Beyond January, when Bolton recruited the more experienced MJ Williams and Kieran Lee in midfield, Thomason’s appearances were understandably more restricted.
But the 20-year-old said a constant line of communication from Evatt and his coaching staff helped to soften the blow of not being in the team. Evatt eventually used Thomason in games where his range of passing and extra energy were of benefit, and his record in crunch victories against Crawley, Salford, Morecambe and Forest Green spoke for itself.
“I think from when I first came into the team, the more experience I gained, I am definitely more confident but alongside that having the complete trust of the manager and the team was massively important,” Thomason explained.
“I knew there were times when I wasn’t in the team regularly but I the manager always talked to me, told me to be ready. I just felt that was the time to pay back the faith he had in me during those important games.
“Every time I played I knew I had the confidence of those around me, so that allowed me to play football and not think of anyone else.

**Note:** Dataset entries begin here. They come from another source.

lemma greedy_spending_le:
  assumes "\<forall>j\<in>set ls. L j > 0 \<and> pstar j > 0" "b \<ge> 0" "distinct ls"
  shows "(\<Sum>j\<in>set ls. L j * (pstar j - greedy L pstar b ls j)) \<le> b"
  using assms
proof (induction ls arbitrary: b)
  case (Cons l ls)
  have tail: "(\<Sum>j\<in>set ls. L j * (pstar j - greedy L pstar b (l # ls) j)) =
      (if L l * pstar l \<le> b then (\<Sum>j\<in>set ls. L j * (pstar j - greedy L pstar (b - L l * pstar l) ls j))
       else 0)"
    using Cons.prems by (cases "L l * pstar l \<le> b") (auto intro!: sum.cong sum.neutral)
  have "L l * pstar l \<le> b \<Longrightarrow>
      (\<Sum>j\<in>set ls. L j * (pstar j - greedy L pstar (b - L l * pstar l) ls j)) \<le> b - L l * pstar l"
    using Cons by auto
  with tail Cons.prems show ?case by (auto simp: divide_le_eq mult.commute)
qed simp

lemma greedy_gain_eq_sum:
  assumes "distinct ls"
  shows "(\<Sum>j\<in>set ls. c j * (pstar j - greedy L pstar b ls j)) = greedy_gain c L pstar b ls"
  using assms
proof (induction ls arbitrary: b)
  case (Cons l ls)
  have "(\<Sum>j\<in>set ls. c j * (pstar j - greedy L pstar b (l # ls) j)) =
      (if L l * pstar l \<le> b then (\<Sum>j\<in>set ls. c j * (pstar j - greedy L pstar (b - L l * pstar l) ls j))
       else 0)"
    using Cons.prems by (cases "L l * pstar l \<le> b") (auto intro!: sum.cong sum.neutral)
  with Cons show ?case by auto
qed simp

lemma greedy_gain_zero_budget:
  assumes "\<forall>j\<in>set ls. L j > 0 \<and> pstar j > 0"
  shows "greedy_gain c L pstar 0 ls = 0"
  using assms by (cases ls) (auto simp: not_le dest: mult_pos_pos)

lemma greedy_gain_budget_lipschitz:
  assumes "\<forall>j\<in>set ls. L j > 0 \<and> pstar j > 0" "b \<ge> 0" "t \<ge> 0" "M \<ge> 0"
    and "\<forall>j\<in>set ls. c j / L j \<le> M"
  shows "greedy_gain c L pstar (b + t) ls \<le> greedy_gain c L pstar b ls + M * t"
  using assms
proof (induction ls arbitrary: b t)
  case (Cons l ls)
  define a where "a = L l * pstar l"
  define r where "r = c l / L l"
  have Ll: "L l > 0" "pstar l > 0" and "r \<le> M" using Cons.prems unfolding r_def by auto
  consider "a \<le> b" | "b < a" "a \<le> b + t" | "b + t < a" by linarith
  then show ?case
  proof cases
    case 1
    then have "greedy_gain c L pstar (b - a + t) ls \<le> greedy_gain c L pstar (b - a) ls + M * t"
      using Cons by auto
    with 1 Cons.prems show ?thesis unfolding a_def by (simp add: algebra_simps)
  next
    case 2
    have "greedy_gain c L pstar (0 + (b + t - a)) ls \<le> greedy_gain c L pstar 0 ls + M * (b + t - a)"
      using Cons 2 by (intro Cons.IH) auto
    moreover have "greedy_gain c L pstar 0 ls = 0" using greedy_gain_zero_budget Cons.prems by auto
    moreover have "c l * pstar l = r * a" "c l * b / L l = r * b"
      using Ll unfolding a_def r_def by simp_all
    moreover have "(M - r) * (b - a) \<le> 0"
      using \<open>r \<le> M\<close> 2 by (intro mult_nonneg_nonpos) auto
    ultimately show ?thesis using 2 by (simp add: a_def[symmetric] algebra_simps)
  next
    case 3
    have "c l * (b + t) / L l = c l * b / L l + r * t"
      unfolding r_def by (simp add: add_divide_distrib algebra_simps)
    moreover have "r * t \<le> M * t" using \<open>r \<le> M\<close> Cons.prems by (intro mult_right_mono) auto
    ultimately show ?thesis using 3 \<open>t \<ge> 0\<close> unfolding a_def by auto
  qed
qed simp

lemma greedy_gain_optimal:
  assumes "distinct ls" "sorted_wrt (\<lambda>a b. c a / L a \<ge> c b / L b) ls"
    and "\<forall>j\<in>set ls. L j > 0 \<and> pstar j > 0 \<and> c j \<ge> 0" "b \<ge> 0"
    and "\<forall>j\<in>set ls. 0 \<le> d j \<and> d j \<le> pstar j" "(\<Sum>j\<in>set ls. L j * d j) \<le> b"
  shows "(\<Sum>j\<in>set ls. c j * d j) \<le> greedy_gain c L pstar b ls"
  using assms
proof (induction ls arbitrary: b)
  case (Cons l ls)
  define r where "r = c l / L l"
  have Ll: "L l > 0" "pstar l > 0" "d l \<ge> 0" "d l \<le> pstar l" using Cons.prems by auto
  have spent: "L l * d l + (\<Sum>j\<in>set ls. L j * d j) \<le> b" using Cons.prems by simp
  have ratio: "\<forall>j\<in>set ls. c j / L j \<le> r" using Cons.prems(2) unfolding r_def by simp
  show ?case
  proof (cases "L l * pstar l \<le> b")
    case True
    \<comment> \<open>What l leaves unspent of its full decrease is passed on to the tail.\<close>
    define b' where "b' = (b - L l * pstar l) + L l * (pstar l - d l)"
    have "(\<Sum>j\<in>set ls. L j * d j) \<le> b'" using spent unfolding b'_def by (simp add: algebra_simps)
    then have "(\<Sum>j\<in>set ls. c j * d j) \<le> greedy_gain c L pstar b' ls"
      using Cons.IH[of b'] Cons.prems True Ll unfolding b'_def by auto
    also have "\<dots> \<le> greedy_gain c L pstar (b - L l * pstar l) ls + r * (L l * (pstar l - d l))"
      unfolding b'_def using Cons.prems True Ll ratio
      by (intro greedy_gain_budget_lipschitz) (auto simp: r_def)
    also have "r * (L l * (pstar l - d l)) = c l * (pstar l - d l)" using Ll unfolding r_def by simp
    finally show ?thesis using True Cons.prems by (simp add: algebra_simps)
  next
    case False
    have "(\<Sum>j\<in>set (l # ls). c j * d j) \<le> (\<Sum>j\<in>set (l # ls). r * (L j * d j))"
    proof (rule sum_mono)
      fix j assume j: "j \<in> set (l # ls)"
      then have "(c j / L j) * (L j * d j) \<le> r * (L j * d j)"
        using ratio Cons.prems unfolding r_def by (intro mult_right_mono) auto
      then show "c j * d j \<le> r * (L j * d j)" using Cons.prems j by auto
    qed
    also have "\<dots> = r * (\<Sum>j\<in>set (l # ls). L j * d j)" by (simp add: sum_distrib_left)
    also have "\<dots> \<le> r * b"
      using Cons.prems Ll unfolding r_def by (intro mult_left_mono) auto
    finally show ?thesis using False unfolding r_def by simp
  qed
qed simp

“He is good with man-management and he is also a big believer that if you are doing well and working hard on the training pitch then you will also get your rewards through game time. It is a lot of things that people don’t see, things throughout the week leading into those games.”

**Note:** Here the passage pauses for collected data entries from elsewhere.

(* Let $F$ be a once-punctured torus equipped with a point of the decorated super Teichmüller space $S\tilde T(F)$. For an ideal triangulation of $F$ with arcs having super $\lambda$-lengths $a,b,c$, define the super semi-perimeter \[ h=\frac{a}{bc}+\frac{b}{ac}+\frac{c}{ab}+\frac{W_a}{a}+\frac{W_b}{b}+\frac{W_c}{c}. \] Then $h$ is invariant under flips, i.e. it takes the same value for every ideal triangulation of $F$.
   Context: $S\tilde T(F)$ is the decorated $\mathrm{OSp}(1|2)$ super Teichmüller space (Penner–Zeitlin), with values in a real Grassmann algebra. A point assigns, for each ideal triangulation of $F$ (three disjoint non-isotopic ideal arcs cutting $F$ into two ideal triangles), an even $\lambda$-length with positive body to each arc (depending only on the arc), an odd $\mu$-invariant to each triangle, and a spin structure orienting each arc. For an arc $e$, $W_e=\theta_1\theta_2$ where $\theta_1,\theta_2$ are the $\mu$-invariants of the triangles adjacent to $e$ lying counter-clockwise and clockwise of $e$ relative to its spin orientation; $W_e$ does not depend on the triangulation containing $e$. Flipping $c$ in a triangulation $\{a,b,c\}$ (with triangle $\mu$-invariants $\theta,\sigma$) yields the arc $d$ with $cd=a^2+b^2+abW_c$, new $\mu$-invariants $\theta'=(b\theta+a\sigma)/\sqrt{a^2+b^2}$, $\sigma'=(b\sigma-a\theta)/\sqrt{a^2+b^2}$, and the spin orientation on $b$ reversed. *)

theory Defs
  imports Complex_Main
begin

text \<open>A real Grassmann algebra is modelled axiomatically: a real associative unital
algebra 'g with a Z/2-grading into an even part Ev and an odd part Od, which is
supercommutative, together with the body map to the reals (a unital algebra
homomorphism vanishing on odd elements) whose kernel consists of nilpotent
elements (the soul is nilpotent).\<close>

definition grassmann_alg :: "'g::real_algebra_1 set \<Rightarrow> 'g set \<Rightarrow> ('g \<Rightarrow> real) \<Rightarrow> bool" where
  "grassmann_alg Ev Od body \<longleftrightarrow>
     0 \<in> Ev \<and> 0 \<in> Od \<and> 1 \<in> Ev \<and>
     (\<forall>x\<in>Ev. \<forall>y\<in>Ev. x + y \<in> Ev) \<and> (\<forall>x\<in>Od. \<forall>y\<in>Od. x + y \<in> Od) \<and>
     (\<forall>r. \<forall>x\<in>Ev. scaleR r x \<in> Ev) \<and> (\<forall>r. \<forall>x\<in>Od. scaleR r x \<in> Od) \<and>
     Ev \<inter> Od = {0} \<and> (\<forall>x. \<exists>e\<in>Ev. \<exists>d\<in>Od. x = e + d) \<and>
     (\<forall>x\<in>Ev. \<forall>y\<in>Ev. x * y \<in> Ev) \<and> (\<forall>x\<in>Ev. \<forall>y\<in>Od. x * y \<in> Od) \<and>
     (\<forall>x\<in>Od. \<forall>y\<in>Ev. x * y \<in> Od) \<and> (\<forall>x\<in>Od. \<forall>y\<in>Od. x * y \<in> Ev) \<and>
     (\<forall>x\<in>Ev. \<forall>y. x * y = y * x) \<and> (\<forall>x\<in>Od. \<forall>y\<in>Od. x * y = - (y * x)) \<and>
     (\<forall>x y. body (x + y) = body x + body y) \<and> (\<forall>r x. body (scaleR r x) = r * body x) \<and>
     (\<forall>x y. body (x * y) = body x * body y) \<and> body 1 = 1 \<and>
     (\<forall>x\<in>Od. body x = 0) \<and>
     (\<forall>x. \<exists>n. (x - of_real (body x)) ^ n = 0)"

definition ginv :: "'g::ring_1 \<Rightarrow> 'g" where
  "ginv x = (THE y. x * y = 1 \<and> y * x = 1)"

text \<open>Isotopy classes of ideal arcs of the once-punctured torus F correspond to
primitive integer vectors (p,q) modulo sign (slopes in Q \<union> {\<infinity>}); ideal
triangulations correspond to triples of arcs with pairwise determinant \<plusminus>1
(Farey triangles). Flipping the arc w in (u,v,w) produces the unique other arc w'
(up to sign) such that (u,v,w') is a triangulation.\<close>

type_synonym slope = "int \<times> int"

Getting on to a month after the wild promotion celebrations, Thomason is only now able to digest exactly what a whirlwind adventure has undertook.
Rewarded with a new contract in February, the youngster can now look back and say his first full season in professional football did not end up badly at all.
“It is a cliché but it didn’t really sink in straight away,” he said. “Everything came so quickly and you had to take it in your stride because we were playing Saturday-Tuesday near enough every week. All you could think about was winning the next one.
“There was a lot of mental and physical stress from January onwards because it was such a pressured environment. It was good to wind down and reflect, have a few weeks off with friends, family and team-mates.
“I’ve had a few weeks of down time, let the mind and body rest, but I have started to pick things up a little bit now, running-wise, keep things ticking over.
“Once we had achieved what we set out to do at Crawley you can finally take a step back from football and look at what happened. It really was quite a big deal what we accomplished in the end.”
Thomason was also given Wanderers’ young player of the year award, joining a list of former winners that include big names such as Chung-Yong Lee, Nicky Hunt, Kevin Nolan, Joey O’Brien, Adam Bogdan, Rob Holding, Josh Vela and Zach Clough.
“It’s such a big factor in why I love playing for this football club and turning up to work every day is because of that rich history,” he added.
“They are just a couple of the names – and to be honest, it’s an honour just to be in the same list as them.
“It’s nice to be able to pick up that award but it was always more important that we got promotion, taking that necessary step back to where the club belongs.”